Nevertheless, in the public sector accountability often is used in relation to good governance. One can speak of good governance when the interaction between the actor and the forum has such an institutional realization it entails societal interests and moral values the best way possible. Good governance focuses upon the creation of conditions that allow collaborations, interactive processes or policy networks to function the best way possible. Moreover, these conditions do take into account the different stakeholders’ responsibilities and societal interests. The driving force behind all systems of accountability, in the public services, including professional accountability is the democratic imperative for government organizations to respond to demands from politicians and the wider public [42, 43]. The use of accountability in the public sector therefore is more evaluative than descriptive and reflects upon what responsible behaviour is.

3.2 Accountability in the Cloud

The claim that accountability is relatively new in the private sector as a mechanism to govern responsible behaviour in the cloud actually is less topical than expected. First, the notion of accountability is introduced in the field of law as a data protection principle more than 30 years ago and since then more steps have been taken in the discussion on accountability in data flow and privacy protection in EU [7]. One of the main reasons for the revival of the accountability principle in the late 2000’s is the globalisation of data flows [44]. Second, the equivalent of good governance, corporate governance, also dates back more than 30 years. Corporate governance entails the totality of structures, regulation and conventions that determine the way and efficiency with which a company is run and controlled. Within corporate governance the values of control and oversight of performances are embodied in the notion of accountability.
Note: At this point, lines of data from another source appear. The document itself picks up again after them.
(* Let $G$ be a loopy graph with $\mathrm{vm}(G)=k$ which is edge-maximal with respect to this property, i.e. adding to $G$ any edge not already in $G$ (between vertices of $G$, loops included) yields a graph with vertex-maximal matching number different from $k$. Let $\ell=\lambda(G)$ be the number of loops of $G$. Then $G$ contains $LK_\ell$; that is, the loopy vertices of $G$ are pairwise adjacent.
   Context: A loopy graph is a finite graph with no isolated vertices and no multiple edges, possibly with loops. A vertex is loopy if it carries a loop; $\lambda(G)$ is the number of loops (= number of loopy vertices). A matching is a set of pairwise vertex-disjoint edges, loops allowed; $\mathrm{vm}(G)$ is the maximum number of vertices touched by a matching of $G$. $LK_\ell$ denotes the complete graph $K_\ell$ with a loop attached at each vertex. *)

theory Defs
  imports Main
begin

text \<open>A loopy graph on vertex set V: edges are 1-element sets (loops) or
2-element sets (ordinary edges); finite, no isolated vertices, no multiple edges
(automatic since E is a set).\<close>

definition loopy_graph :: "'a set \<Rightarrow> 'a set set \<Rightarrow> bool" where
  "loopy_graph V E \<longleftrightarrow> finite V \<and>
     (\<forall>e\<in>E. e \<subseteq> V \<and> (card e = 1 \<or> card e = 2)) \<and>
     (\<forall>v\<in>V. \<exists>e\<in>E. v \<in> e)"

definition is_edge_on :: "'a set \<Rightarrow> 'a set \<Rightarrow> bool" where
  "is_edge_on V e \<longleftrightarrow> e \<subseteq> V \<and> (card e = 1 \<or> card e = 2)"

definition matching :: "'a set set \<Rightarrow> 'a set set \<Rightarrow> bool" where
  "matching E M \<longleftrightarrow> M \<subseteq> E \<and> (\<forall>e\<in>M. \<forall>f\<in>M. e \<noteq> f \<longrightarrow> e \<inter> f = {})"

definition vm :: "'a set set \<Rightarrow> nat" where
  "vm E = Max {card (\<Union>M) | M. matching E M}"

definition loopy :: "'a set set \<Rightarrow> 'a \<Rightarrow> bool" where
  "loopy E v \<longleftrightarrow> {v} \<in> E"

end

theory Submission
  imports Defs
begin

text \<open>If both ends of an edge carry loops, the edge is redundant for covering vertices by a
matching: in any matching it can be traded for the two loops, which touch the same vertices.
So adding such an edge never changes \<open>vm\<close>, and edge-maximality forces it to be present already.\<close>

lemma matching_mono: "matching E M \<Longrightarrow> E \<subseteq> E' \<Longrightarrow> matching E' M"
  unfolding matching_def by blast

lemma matching_replace_edge_by_loops:
  assumes M: "matching (insert {u, v} E) M" and loops: "{u} \<in> E" "{v} \<in> E"
  obtains M' where "matching E M'" and "\<Union>M' = \<Union>M"
proof (cases "{u, v} \<in> M")
  case False
  with M have "matching E M" unfolding matching_def by blast
  then show ?thesis using that by blast
next
  case True
  define R where "R = M - {{u, v}}"
  have M_sub: "M \<subseteq> insert {u, v} E"
    and M_disj: "\<And>e f. e \<in> M \<Longrightarrow> f \<in> M \<Longrightarrow> e \<noteq> f \<Longrightarrow> e \<inter> f = {}"
    using M unfolding matching_def by blast+
  have R_sub: "R \<subseteq> E" using M_sub unfolding R_def by blast
  have R_disj: "u \<notin> f" "v \<notin> f" if "f \<in> R" for f
    using M_disj[OF _ True, of f] that unfolding R_def by blast+
  have "matching E (insert {u} (insert {v} R))"
    unfolding matching_def
  proof (intro conjI ballI impI)
    show "insert {u} (insert {v} R) \<subseteq> E" using loops R_sub by blast
  next
    fix e f
    assume e: "e \<in> insert {u} (insert {v} R)" and f: "f \<in> insert {u} (insert {v} R)"
      and "e \<noteq> f"
    show "e \<inter> f = {}"
    proof (cases "e \<in> R \<and> f \<in> R")
      case True
      then show ?thesis using M_disj \<open>e \<noteq> f\<close> unfolding R_def by blast
    next
      case False
      then show ?thesis using e f \<open>e \<noteq> f\<close> R_disj by auto
    qed
  qed
  moreover have "\<Union>(insert {u} (insert {v} R)) = \<Union>M"
    using True unfolding R_def by blast
  ultimately show ?thesis using that by blast
qed

lemma vm_insert_edge_between_loops:
  assumes "{u} \<in> E" "{v} \<in> E"
  shows "vm (insert {u, v} E) = vm E"
proof -
  have "{card (\<Union>M) | M. matching (insert {u, v} E) M} = {card (\<Union>M) | M. matching E M}"
  proof (intro set_eqI iffI)
    fix x assume "x \<in> {card (\<Union>M) | M. matching (insert {u, v} E) M}"
    then obtain M where M: "matching (insert {u, v} E) M" and x: "x = card (\<Union>M)"
      by blast
    obtain M' where "matching E M'" and "\<Union>M' = \<Union>M"
      using matching_replace_edge_by_loops[OF M assms] .
    then have "matching E M' \<and> x = card (\<Union>M')" using x by simp
    then show "x \<in> {card (\<Union>M) | M. matching E M}" by blast
  next
    fix x assume "x \<in> {card (\<Union>M) | M. matching E M}"
    then show "x \<in> {card (\<Union>M) | M. matching (insert {u, v} E) M}"
      using matching_mono[of E _ "insert {u, v} E"] by blast
  qed
  then show ?thesis unfolding vm_def by simp
qed

theorem proposition3p8:
  fixes V :: "'a set" and E :: "'a set set" and k :: nat
  assumes "loopy_graph V E"
    and "vm E = k"
    and "\<And>e. is_edge_on V e \<Longrightarrow> e \<notin> E \<Longrightarrow> vm (insert e E) \<noteq> k"
  shows "\<forall>u\<in>V. \<forall>v\<in>V. loopy E u \<longrightarrow> loopy E v \<longrightarrow> u \<noteq> v \<longrightarrow> {u, v} \<in> E"
proof (intro ballI impI)
  fix u v assume "u \<in> V" "v \<in> V" "loopy E u" "loopy E v" "u \<noteq> v"
  then have "is_edge_on V {u, v}" and "vm (insert {u, v} E) = k"
    using assms(2) vm_insert_edge_between_loops[of u E v]
    by (auto simp: is_edge_on_def loopy_def)
  with assms(3) show "{u, v} \<in> E" by blast
qed

end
The demand for more transparency in the sense of more and reliable information to inform the accountee, i.e. the share holders, allowed for more control and recommendations with respect to management and authority.

However, accountability’s current use in the private cloud sector seems to point at a new perspective on accountability and good governance. Instead of focusing on control and supervision as in corporate governance, accountability now also seems to refer to a learning perspective in the sense of good governance. For example, in the A4Cloud project “[a]ccountability consists of defining governance to comply in a responsible manner with internal and external criteria, ensuring implementation of appropriate actions, explaining and justifying those actions and remedying any failure to act properly” [45]. Accountability entails an image of transparency and trustworthiness. It holds the promise of fair and equitable governance and beholds a desirable quality of actors. Subsequently its current use seems to combine accountability as a mechanism and accountability as a virtue.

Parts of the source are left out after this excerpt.